Exercise brief:
Nothing is to be left out; print all the entries exactly.

Available data:
>>>
(* Let $n\ge 1$, $N=2^n$, and let $(\omega,\gamma)$ be a 4-round key-schedule that is good (in the sense defined in the context) with parameters $\delta_1,\delta_2,\delta_3$. Consider the 4-round cipher $\mathsf{KAFw}^{F,(\omega,\gamma)}$ built on a uniformly random function $F:\{0,1\}^n\to\{0,1\}^n$. Then for all non-negative integers $q_f,q_e$, $$\mathbf{Adv}^{\oplus\text{-rka}}_{\mathsf{KAFw}^{F,(\omega,\gamma)}}(q_f,q_e)\le 2\delta_1 q_e q_f+(\delta_2+\delta_3)q_e^2+\frac{2q_eq_f+7q_e^2}{N}.$$
   Context: Let $n\ge1$ and $N=2^n$; identify $\{0,1\}^n$ with $\mathbb{F}_2^n$ and write $X\|Y$ for concatenation. A $t$-round key-schedule $(\omega,\gamma)$ consists of maps $\omega=(\omega_0,\omega_1,\omega_2,\omega_3)$ and $\gamma=(\gamma_1,\dots,\gamma_t)$, each from $\{0,1\}^n$ to $\{0,1\}^n$. For $f:\{0,1\}^n\to\{0,1\}^n$ and $\kappa\in\{0,1\}^n$ let $\Psi^f_\kappa(W_L\|W_R)=W_R\|(W_L\oplus f(\kappa\oplus W_R))$. The $t$-round cipher with key $k\in\{0,1\}^n$ is $\mathsf{KAFw}^{f,(\omega,\gamma)}_k(W)=(\omega_2(k)\|\omega_3(k))\oplus\Psi^f_{\gamma_t(k)}\circ\cdots\circ\Psi^f_{\gamma_1(k)}\big((\omega_0(k)\|\omega_1(k))\oplus W\big)$ (the same $f$ in every round). A 4-round key-schedule is good with parameters $\delta_1,\delta_2,\delta_3$ if, with $\varphi_1(k)=\omega_1(k)\oplus\gamma_1(k)$ and $\varphi_4(k)=\omega_2(k)\oplus\gamma_4(k)$: (i) for $i\in\{1,4\}$, for all $\Delta,y$, $\Pr_{k}[\varphi_i(k\oplus\Delta)=y]\le\delta_1$, and for all $\Delta\ne\Delta'$ and all $y$, $\Pr_k[\varphi_i(k\oplus\Delta)\oplus\varphi_i(k\oplus\Delta')=y]\le\delta_2$; (ii) for all $\Delta,\Delta',y$, $\Pr_k[\varphi_1(k\oplus\Delta)\oplus\varphi_4(k\oplus\Delta')=y]\le\delta_3$; $k$ uniform in $\{0,1\}^n$. Related-key security: for a blockcipher $E$ with $n$-bit keys and $2n$-bit blocks and a key $k$, the oracle $\mathsf{RK}[E_k]$ maps $(\Delta,LR)\mapsto E_{k\oplus\Delta}(LR)$ and its inverse maps $(\Delta,ST)\mapsto E^{-1}_{k\oplus\Delta}(ST)$. A computationally unbounded distinguisher gets two-sided access to the related-key oracle and (forward) access to $F$. Real world: $k$ uniform, $F$ uniform, oracles $(\mathsf{RK}[\mathsf{KAFw}^{F,(\omega,\gamma)}_k],F)$. Ideal world: $(\mathsf{RK}[\mathsf{IC}_k],F)$ with $\mathsf{IC}$ a uniformly random blockcipher ($2n$-bit blocks, $n$-bit keys) independent of $F$, $k$ uniform. The advantage is the absolute difference of the probabilities of outputting 1, and $\mathbf{Adv}^{\oplus\text{-rka}}(q_f,q_e)$ is its maximum over distinguishers making $q_f$ queries to $F$ and $q_e$ related-key queries in total. *)

theory Defs
  imports "HOL-Library.Word" "HOL-Probability.Probability_Mass_Function"
begin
<<<
Final answer:
(* Let $n\ge 1$, $N=2^n$, and let $(\omega,\gamma)$ be a 4-round key-schedule that is good (in the sense defined in the context) with parameters $\delta_1,\delta_2,\delta_3$. Consider the 4-round cipher $\mathsf{KAFw}^{F,(\omega,\gamma)}$ built on a uniformly random function $F:\{0,1\}^n\to\{0,1\}^n$. Then for all non-negative integers $q_f,q_e$, $$\mathbf{Adv}^{\oplus\text{-rka}}_{\mathsf{KAFw}^{F,(\omega,\gamma)}}(q_f,q_e)\le 2\delta_1 q_e q_f+(\delta_2+\delta_3)q_e^2+\frac{2q_eq_f+7q_e^2}{N}.$$
   Context: Let $n\ge1$ and $N=2^n$; identify $\{0,1\}^n$ with $\mathbb{F}_2^n$ and write $X\|Y$ for concatenation. A $t$-round key-schedule $(\omega,\gamma)$ consists of maps $\omega=(\omega_0,\omega_1,\omega_2,\omega_3)$ and $\gamma=(\gamma_1,\dots,\gamma_t)$, each from $\{0,1\}^n$ to $\{0,1\}^n$. For $f:\{0,1\}^n\to\{0,1\}^n$ and $\kappa\in\{0,1\}^n$ let $\Psi^f_\kappa(W_L\|W_R)=W_R\|(W_L\oplus f(\kappa\oplus W_R))$. The $t$-round cipher with key $k\in\{0,1\}^n$ is $\mathsf{KAFw}^{f,(\omega,\gamma)}_k(W)=(\omega_2(k)\|\omega_3(k))\oplus\Psi^f_{\gamma_t(k)}\circ\cdots\circ\Psi^f_{\gamma_1(k)}\big((\omega_0(k)\|\omega_1(k))\oplus W\big)$ (the same $f$ in every round). A 4-round key-schedule is good with parameters $\delta_1,\delta_2,\delta_3$ if, with $\varphi_1(k)=\omega_1(k)\oplus\gamma_1(k)$ and $\varphi_4(k)=\omega_2(k)\oplus\gamma_4(k)$: (i) for $i\in\{1,4\}$, for all $\Delta,y$, $\Pr_{k}[\varphi_i(k\oplus\Delta)=y]\le\delta_1$, and for all $\Delta\ne\Delta'$ and all $y$, $\Pr_k[\varphi_i(k\oplus\Delta)\oplus\varphi_i(k\oplus\Delta')=y]\le\delta_2$; (ii) for all $\Delta,\Delta',y$, $\Pr_k[\varphi_1(k\oplus\Delta)\oplus\varphi_4(k\oplus\Delta')=y]\le\delta_3$; $k$ uniform in $\{0,1\}^n$. Related-key security: for a blockcipher $E$ with $n$-bit keys and $2n$-bit blocks and a key $k$, the oracle $\mathsf{RK}[E_k]$ maps $(\Delta,LR)\mapsto E_{k\oplus\Delta}(LR)$ and its inverse maps $(\Delta,ST)\mapsto E^{-1}_{k\oplus\Delta}(ST)$. A computationally unbounded distinguisher gets two-sided access to the related-key oracle and (forward) access to $F$. Real world: $k$ uniform, $F$ uniform, oracles $(\mathsf{RK}[\mathsf{KAFw}^{F,(\omega,\gamma)}_k],F)$. Ideal world: $(\mathsf{RK}[\mathsf{IC}_k],F)$ with $\mathsf{IC}$ a uniformly random blockcipher ($2n$-bit blocks, $n$-bit keys) independent of $F$, $k$ uniform. The advantage is the absolute difference of the probabilities of outputting 1, and $\mathbf{Adv}^{\oplus\text{-rka}}(q_f,q_e)$ is its maximum over distinguishers making $q_f$ queries to $F$ and $q_e$ related-key queries in total. *)

theory Defs
  imports "HOL-Library.Word" "HOL-Probability.Probability_Mass_Function"
begin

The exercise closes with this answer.